(Extracted records)
lemma card_unions_of_blocks_outside_subgroups_le:
  assumes "finite (carrier G)" and "card (carrier G) \<ge> 2"
    and blocks: "\<And>H. subgroup H G \<Longrightarrow>
      (\<forall>c \<in> blocks H. c \<subseteq> carrier G \<and> card c = card H) \<and> pairwise disjnt (blocks H)"
  shows "real (card {S. S \<subseteq> carrier G \<and> (\<exists>H K. subgroup H G \<and> subgroup K G \<and>
            {\<one>} \<subset> H \<and> H \<subseteq> K \<and> K \<subset> carrier G \<and> (\<exists>C \<subseteq> blocks H. S - K = \<Union>C))})
    \<le> 2 powr (3 * real (card (carrier G)) / 4 + 2 * (log 2 (card (carrier G)))\<^sup>2)"
    (is "real (card ?F) \<le> _")
proof -
  define B where "B = 2 powr (3 * real (card (carrier G)) / 4)"
  define Sub where "Sub = {H. subgroup H G}"
  define I where "I = {(H, K). H \<in> Sub \<and> K \<in> Sub \<and> {\<one>} \<subset> H \<and> K \<subset> carrier G}"
  define T where "T = (\<lambda>(H, K). {S. S \<subseteq> carrier G \<and> (\<exists>C \<subseteq> blocks H. S - K = \<Union>C)})"
  have finSub: "finite Sub"
    using assms(1) finite_subset[of Sub "Pow (carrier G)"] by (auto simp: Sub_def dest: subgroup.subset)
  have I_Sub: "I \<subseteq> Sub \<times> Sub" by (auto simp: I_def)
  have "?F \<subseteq> (\<Union>p \<in> I. T p)"
  proof
    fix S assume "S \<in> ?F"
    then obtain H K where "S \<subseteq> carrier G" "subgroup H G" "subgroup K G" "{\<one>} \<subset> H"
      "K \<subset> carrier G" "\<exists>C \<subseteq> blocks H. S - K = \<Union>C" by blast
    then have "(H, K) \<in> I" and "S \<in> T (H, K)" by (simp_all add: I_def Sub_def T_def)
    then show "S \<in> (\<Union>p \<in> I. T p)" by blast
  qed
  moreover have "finite (\<Union>p \<in> I. T p)"
  proof (rule finite_subset[of _ "Pow (carrier G)"])
    show "(\<Union>p \<in> I. T p) \<subseteq> Pow (carrier G)" by (auto simp: T_def split: prod.splits)
  qed (simp add: assms(1))
  ultimately have "real (card ?F) \<le> real (card (\<Union>p \<in> I. T p))" by (simp add: card_mono)
  also have "\<dots> \<le> real (card I) * B"
  proof (rule card_UN_le_card_mult)
    show "finite I" using finite_subset[OF I_Sub] finSub by blast
  next
    fix p assume "p \<in> I"
    then obtain H K where p: "p = (H, K)" "subgroup H G" "subgroup K G" "{\<one>} \<subset> H" "K \<subset> carrier G"
      by (auto simp: I_def Sub_def)
    show "real (card (T p)) \<le> B"
      unfolding B_def T_def p(1) using blocks[OF p(2)]
      by (auto intro!: card_unions_of_blocks_outside_le[OF assms(1) p(2-5)])
  qed
  also have "\<dots> \<le> real (card Sub) ^ 2 * B"
    using card_mono[OF _ I_Sub] finSub unfolding B_def
    by (intro mult_right_mono) (auto simp: card_cartesian_product power2_eq_square simp flip: of_nat_mult)
  also have "\<dots> \<le> (2 powr ((log 2 (card (carrier G)))\<^sup>2)) ^ 2 * B"
    using card_subgroups_le[OF assms(1,2)] unfolding Sub_def B_def
    by (intro mult_right_mono power_mono) auto
  also have "\<dots> = 2 powr (3 * real (card (carrier G)) / 4 + 2 * (log 2 (card (carrier G)))\<^sup>2)"
    unfolding B_def by (simp add: powr_power powr_add add.commute)
  finally show ?thesis .
qed

end


theorem lemma5p1:
  fixes G :: "('a, 'b) monoid_scheme"
  assumes "group G" and "finite (carrier G)" and "card (carrier G) \<ge> 2"
  shows "real (card (left_coset_union_set G))
           \<le> 2 powr (3 * real (card (carrier G)) / 4 + 2 * (log 2 (card (carrier G)))\<^sup>2)
    \<and> real (card (right_coset_union_set G))
           \<le> 2 powr (3 * real (card (carrier G)) / 4 + 2 * (log 2 (card (carrier G)))\<^sup>2)"
proof
  interpret group G by fact
  show "real (card (left_coset_union_set G))
           \<le> 2 powr (3 * real (card (carrier G)) / 4 + 2 * (log 2 (card (carrier G)))\<^sup>2)"
    unfolding left_coset_union_set_def
    using card_unions_of_blocks_outside_subgroups_le[OF assms(2,3)] lcosets_disjoint_same_card[OF _ assms(2)] .
  show "real (card (right_coset_union_set G))
           \<le> 2 powr (3 * real (card (carrier G)) / 4 + 2 * (log 2 (card (carrier G)))\<^sup>2)"
    unfolding right_coset_union_set_def
    using card_unions_of_blocks_outside_subgroups_le[OF assms(2,3)] rcosets_disjoint_same_card[OF _ assms(2)] .
qed

end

EXERCISE —
Each line of the records that holds the word "obtain" should be copied out.

SOLUTION TO THE PROBLEM —
    then obtain H K where "S \<subseteq> carrier G" "subgroup H G" "subgroup K G" "{\<one>} \<subset> H"
    then obtain H K where p: "p = (H, K)" "subgroup H G" "subgroup K G" "{\<one>} \<subset> H" "K \<subset> carrier G"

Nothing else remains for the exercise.